Information provided:
┄┄┄┄┄┄┄┄┄┄┄┄┄┄┄┄┄┄┄┄
(* Let $G$ be a random $(d_1,d_2)$-biregular bipartite graph with $d_1\geq d_2$ and $d_1=o(n^\epsilon)$ for every $\epsilon>0$. Fix an integer $R$ and let $\tau_1$ be the set of vertices in $V_1$ whose $R$-neighborhood contains no cycle. Then $$\mathbb P\left(\frac{n-|\tau_1|}{n}>n^{-1/4}\right)=o(n^{-5/4}).$$
   Context: A $(d_1,d_2)$-biregular bipartite graph on $V_1=[n]$, $V_2=[m]$ is a simple bipartite graph with degrees $d_1$ on $V_1$ and $d_2$ on $V_2$; a random one is uniform among all such. The $R$-neighborhood of a vertex is the subgraph induced by vertices at graph distance at most $R$ from it. *)

theory Defs
  imports Complex_Main "HOL-Library.Landau_Symbols"
begin

text \<open>A bipartite graph with parts V1 = [n] (encoded as Inl i, i < n) and V2 = [m]
(encoded as Inr j, j < m) is given by its edge set E \<subseteq> {..<n} \<times> {..<m}.\<close>

definition biregular :: "nat \<Rightarrow> nat \<Rightarrow> nat \<Rightarrow> nat \<Rightarrow> (nat \<times> nat) set \<Rightarrow> bool" where
  "biregular n m d1 d2 E \<longleftrightarrow>
     E \<subseteq> {..<n} \<times> {..<m} \<and>
     (\<forall>i<n. card {j. (i, j) \<in> E} = d1) \<and>
     (\<forall>j<m. card {i. (i, j) \<in> E} = d2)"

definition biregular_graphs :: "nat \<Rightarrow> nat \<Rightarrow> nat \<Rightarrow> nat \<Rightarrow> (nat \<times> nat) set set" where
  "biregular_graphs n m d1 d2 = {E. biregular n m d1 d2 E}"

fun badj :: "(nat \<times> nat) set \<Rightarrow> nat + nat \<Rightarrow> nat + nat \<Rightarrow> bool" where
  "badj E (Inl i) (Inr j) \<longleftrightarrow> (i, j) \<in> E"
| "badj E (Inr j) (Inl i) \<longleftrightarrow> (i, j) \<in> E"
| "badj E _ _ \<longleftrightarrow> False"

definition within_dist :: "(nat \<times> nat) set \<Rightarrow> nat \<Rightarrow> nat + nat \<Rightarrow> nat + nat \<Rightarrow> bool" where
  "within_dist E R u v \<longleftrightarrow>
     (\<exists>xs. xs \<noteq> [] \<and> hd xs = u \<and> last xs = v \<and> length xs \<le> Suc R \<and>
           (\<forall>k. Suc k < length xs \<longrightarrow> badj E (xs ! k) (xs ! Suc k)))"

definition ball_R :: "(nat \<times> nat) set \<Rightarrow> nat \<Rightarrow> nat + nat \<Rightarrow> (nat + nat) set" where
  "ball_R E R v = {u. within_dist E R v u}"

definition has_cycle_in :: "(nat \<times> nat) set \<Rightarrow> (nat + nat) set \<Rightarrow> bool" where
  "has_cycle_in E S \<longleftrightarrow>
     (\<exists>cs. 3 \<le> length cs \<and> distinct cs \<and> set cs \<subseteq> S \<and>
           (\<forall>k<length cs. badj E (cs ! k) (cs ! ((Suc k) mod length cs))))"

definition tau1 :: "nat \<Rightarrow> (nat \<times> nat) set \<Rightarrow> nat \<Rightarrow> nat set" where
  "tau1 n E R = {i. i < n \<and> \<not> has_cycle_in E (ball_R E R (Inl i))}"

definition prob_bireg :: "nat \<Rightarrow> nat \<Rightarrow> nat \<Rightarrow> nat \<Rightarrow> ((nat \<times> nat) set \<Rightarrow> bool) \<Rightarrow> real" where
  "prob_bireg n m d1 d2 P =
     real (card {E \<in> biregular_graphs n m d1 d2. P E}) / real (card (biregular_graphs n m d1 d2))"

end

theory Submission
  imports Defs
begin

text \<open>If the R-ball of a vertex contains a cycle, it contains one of length at most 2R.
So the number of bad vertices is at most (1 + d1)^R times the number s of cycles of length
at most 2R, and many bad vertices force s > n^(3/4) / (1 + d1)^R. A short cycle meets at most
(2R + 1) (1 + d1)^(16 R^2) others, so at least s^2/2 ordered pairs of short cycles are
vertex-disjoint. A switching argument shows that a fixed set F of edges is present with
probability at most (d1 d2 / (n d1 - O(d1 d2)))^|F|; hence the expected number of disjoint
pairs is at most ((2R + 1) (4 (1 + d1))^(2R))^2. Markov's inequality bounds the probability
by a constant times (1 + d1)^(6R) n^(-3/2), which is o(n^(-5/4)) because d1 grows more slowly
than every power of n.\<close>

section \<open>Walks and distance\<close>

lemma badj_commute: "badj E x y = badj E y x"
  by (cases x; cases y) auto

lemma badj_mono: "E \<subseteq> E' \<Longrightarrow> badj E x y \<Longrightarrow> badj E' x y"
  by (cases x; cases y) auto

lemma badj_isl: "badj E x y \<Longrightarrow> isl y \<longleftrightarrow> \<not> isl x"
  by (cases x; cases y) auto

lemma within_dist_iff_successively:
  "within_dist E r u v \<longleftrightarrow>
     (\<exists>xs. xs \<noteq> [] \<and> hd xs = u \<and> last xs = v \<and> length xs \<le> Suc r \<and> successively (badj E) xs)"
  unfolding within_dist_def successively_conv_nth by blast

lemma within_dist_refl: "within_dist E r v v"
  unfolding within_dist_iff_successively by (rule exI[of _ "[v]"]) auto

lemma within_dist_mono: "within_dist E r u v \<Longrightarrow> r \<le> r' \<Longrightarrow> within_dist E r' u v"
  unfolding within_dist_iff_successively by fastforce

lemma within_dist_0_iff: "within_dist E 0 u v \<longleftrightarrow> u = v"
proof
  assume "within_dist E 0 u v"
  then obtain xs where "xs \<noteq> []" "hd xs = u" "last xs = v" "length xs \<le> 1"
    unfolding within_dist_iff_successively by auto
  then show "u = v" by (cases xs) auto
qed (simp add: within_dist_refl)

lemma within_dist_sym:
  assumes "within_dist E r u v"
  shows "within_dist E r v u"
proof -
  obtain xs where xs: "xs \<noteq> []" "hd xs = u" "last xs = v" "length xs \<le> Suc r" "successively (badj E) xs"
    using assms unfolding within_dist_iff_successively by blast
  have "successively (badj E) (rev xs)"
    using xs(5) by (simp add: successively_rev badj_commute[of E])
  with xs show ?thesis
    unfolding within_dist_iff_successively by (intro exI[of _ "rev xs"]) (simp add: hd_rev last_rev)
qed

lemma within_dist_trans:
  assumes "within_dist E a u v" "within_dist E b v w"
  shows "within_dist E (a + b) u w"
proof -
  obtain xs where xs: "xs \<noteq> []" "hd xs = u" "last xs = v" "length xs \<le> Suc a" "successively (badj E) xs"
    using assms(1) unfolding within_dist_iff_successively by blast
  obtain ys where ys: "ys \<noteq> []" "hd ys = v" "last ys = w" "length ys \<le> Suc b" "successively (badj E) ys"
    using assms(2) unfolding within_dist_iff_successively by blast
  obtain ys' where ys_eq: "ys = v # ys'" using ys(1,2) by (cases ys) auto
  have "successively (badj E) (xs @ ys')"
    using xs(3,5) ys(5) unfolding ys_eq successively_Cons successively_append_iff by auto
  moreover have "last (xs @ ys') = w" using xs(1,3) ys(3) unfolding ys_eq by (auto split: if_splits)
  moreover have "length (xs @ ys') \<le> Suc (a + b)" using xs(4) ys(4) unfolding ys_eq by simp
  ultimately show ?thesis
    unfolding within_dist_iff_successively using xs(1,2) by (intro exI[of _ "xs @ ys'"]) simp
qed

lemma within_dist_Suc_iff:
  "within_dist E (Suc r) u w \<longleftrightarrow> within_dist E r u w \<or> (\<exists>v. within_dist E r u v \<and> badj E v w)"
proof
  assume "within_dist E (Suc r) u w"
  then obtain xs where xs: "xs \<noteq> []" "hd xs = u" "last xs = w" "length xs \<le> Suc (Suc r)"
    "successively (badj E) xs"
    unfolding within_dist_iff_successively by blast
  show "within_dist E r u w \<or> (\<exists>v. within_dist E r u v \<and> badj E v w)"
  proof (cases "length xs \<le> Suc r")
    case True
    then show ?thesis using xs unfolding within_dist_iff_successively by blast
  next
    case False
    then have "length (butlast xs) > 0" by simp
    then have ne: "butlast xs \<noteq> []" by force
    have "successively (badj E) (butlast xs @ [w])"
      using xs(5) by (subst (asm) append_butlast_last_id[OF xs(1), symmetric]) (simp add: xs(3))
    then have walk: "successively (badj E) (butlast xs)" and last_step: "badj E (last (butlast xs)) w"
      using ne by (simp_all add: successively_append_iff)
    have "hd (butlast xs) = u" using xs(1,2) ne by (metis append_butlast_last_id hd_append2)
    moreover have "length (butlast xs) \<le> Suc r" using xs(4) by simp
    ultimately have "within_dist E r u (last (butlast xs))"
      unfolding within_dist_iff_successively using ne walk by blast
    then show ?thesis using last_step by blast
  qed
next
  assume "within_dist E r u w \<or> (\<exists>v. within_dist E r u v \<and> badj E v w)"
  then show "within_dist E (Suc r) u w"
  proof
    assume "within_dist E r u w"
    then show ?thesis by (rule within_dist_mono) simp
  next
    assume "\<exists>v. within_dist E r u v \<and> badj E v w"
    then obtain v where v: "within_dist E r u v" "badj E v w" by blast
    have "within_dist E 1 v w"
      unfolding within_dist_iff_successively using v(2) by (intro exI[of _ "[v, w]"]) simp
    from within_dist_trans[OF v(1) this] show ?thesis by simp
  qed
qed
┄┄┄┄┄┄┄┄┄┄┄┄┄┄┄┄┄┄┄┄
Task goal: Could you transcribe the entries exactly, from the first line through the line containing "theory Defs", and give nothing more?

Answer area:
(* Let $G$ be a random $(d_1,d_2)$-biregular bipartite graph with $d_1\geq d_2$ and $d_1=o(n^\epsilon)$ for every $\epsilon>0$. Fix an integer $R$ and let $\tau_1$ be the set of vertices in $V_1$ whose $R$-neighborhood contains no cycle. Then $$\mathbb P\left(\frac{n-|\tau_1|}{n}>n^{-1/4}\right)=o(n^{-5/4}).$$
   Context: A $(d_1,d_2)$-biregular bipartite graph on $V_1=[n]$, $V_2=[m]$ is a simple bipartite graph with degrees $d_1$ on $V_1$ and $d_2$ on $V_2$; a random one is uniform among all such. The $R$-neighborhood of a vertex is the subgraph induced by vertices at graph distance at most $R$ from it. *)

theory Defs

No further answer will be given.